What are you reading on the subway or in the waiting room today?
Anita Loos’ 1925 novel Gentlemen Prefer Blondes. It’s the basis for the 1953 Marilyn Monroe film, but it’s very modernist and much edgier than the film (which I also happen to love). My students at Queens College are reading it for our comedy and satire-based English class. I am kind of stunned at how germane it is with contemporary American life. There’s a moment I just read in which the “dumb blonde” narrator-protagonist, Lorelei Lee, writes about how she thinks silent film director D.W. Griffith should be elected president because she thinks he is capable of fighting off Communism. “And when I saw how Mr. Griffith handled all those mobs in Intolerance I realized that he could do anything, and I really think that the government of America ought to tell Mr. Griffith to get all ready if the bolsheviks start to do it.” It’s such an excellent satire on mistaking the image of power for power itself.
What book popped for you in 2015?
The first book that comes to mind is Tonya Foster’s A Swarm of Bees in High Court. I began suffering from insomnia this year, and Foster’s poems addressing insomnia—and all of its wild implications—were practically medicinal to me. I think she’s a very smart, very compassionate, wonderfully risk-taking poet.

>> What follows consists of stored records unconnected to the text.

(* There is a Katětov functor $F\colon\mathcal U_{\mathrm{fin}}\to\mathcal U_{\mathrm{fin}}$, i.e. a functor $F$ together with a natural transformation $\eta\colon\mathrm{id}_{\mathcal U_{\mathrm{fin}}}\to F$ such that for every finite two-sorted ultrametric space $X$ and every one-point extension $f\colon X\to Y$ there is a dc-embedding $g\colon Y\to F(X)$ with $g\circ f=\eta_X$.
   Context: A two-sorted ultrametric space is $(X,d_X,D_X)$ with $D_X$ a linear order with least element $0$, $d_X\colon X\times X\to D_X$ symmetric, $d_X(x,y)=0\iff x=y$, $d_X(x,z)\le\max\{d_X(x,y),d_X(y,z)\}$; finite if both sorts are finite. $\mathcal U_{\mathrm{fin}}$ is the category of finite two-sorted ultrametric spaces with dc-embeddings (an injection $f$ on points with an order embedding $D_f$ of distance sets fixing $0$ such that $d(f(x),f(x'))=D_f(d(x,x'))$). A one-point extension is a dc-embedding between finite spaces that (up to isomorphism) either adds exactly one new distance and no new points, or adds exactly one new point and no new distances. *)

theory Defs
  imports Main
begin

text \<open>Finite two-sorted ultrametric spaces, represented concretely: points are natural
numbers, the distance sort is a finite set of natural numbers ordered by the usual order
of nat, with least element 0.  Every finite two-sorted ultrametric space is isomorphic to
one of this form, so the resulting category is equivalent to U_fin.\<close>

record uspace =
  pts   :: "nat set"
  dists :: "nat set"
  dist  :: "nat \<Rightarrow> nat \<Rightarrow> nat"

definition fin_ultra :: "uspace \<Rightarrow> bool" where
  "fin_ultra X \<longleftrightarrow>
     finite (pts X) \<and> finite (dists X) \<and> (0::nat) \<in> dists X \<and>
     (\<forall>x\<in>pts X. \<forall>y\<in>pts X. dist X x y \<in> dists X) \<and>
     (\<forall>x\<in>pts X. \<forall>y\<in>pts X. dist X x y = dist X y x) \<and>
     (\<forall>x\<in>pts X. \<forall>y\<in>pts X. dist X x y = 0 \<longleftrightarrow> x = y) \<and>
     (\<forall>x\<in>pts X. \<forall>y\<in>pts X. \<forall>z\<in>pts X. dist X x z \<le> max (dist X x y) (dist X y z))"

text \<open>A morphism is a pair (map on points, map on distances).\<close>
type_synonym umor = "(nat \<Rightarrow> nat) \<times> (nat \<Rightarrow> nat)"

definition dc_emb :: "uspace \<Rightarrow> uspace \<Rightarrow> umor \<Rightarrow> bool" where
  "dc_emb X Y m \<longleftrightarrow>
     fst m ` pts X \<subseteq> pts Y \<and> inj_on (fst m) (pts X) \<and>
     snd m ` dists X \<subseteq> dists Y \<and>
     (\<forall>a\<in>dists X. \<forall>b\<in>dists X. a \<le> b \<longleftrightarrow> snd m a \<le> snd m b) \<and>
     snd m 0 = 0 \<and>
     (\<forall>x\<in>pts X. \<forall>x'\<in>pts X. dist Y (fst m x) (fst m x') = snd m (dist X x x'))"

Whose words do you return to regularly?
Harryette Mullen has been one of my favorite poets since I encountered her book Sleeping with the Dictionary in my first poetry workshop in college. Actually, I am also using that book in my Comedy and Satire class this semester—I love thinking of her poems in terms of comedy. My students love the interplay of wit and seriousness in her language. Her work always gets me going—if I ever need to get un-stuck, I know I can always turn to Recyclopedia or Urban Tumbleweed. She’s the best.
Is there an author you can’t wait to read next?
Stacy Szymaszek has two new books coming out this year, which I am very much looking forward to. She’s been a helpful, freeing presence in my reading and thinking.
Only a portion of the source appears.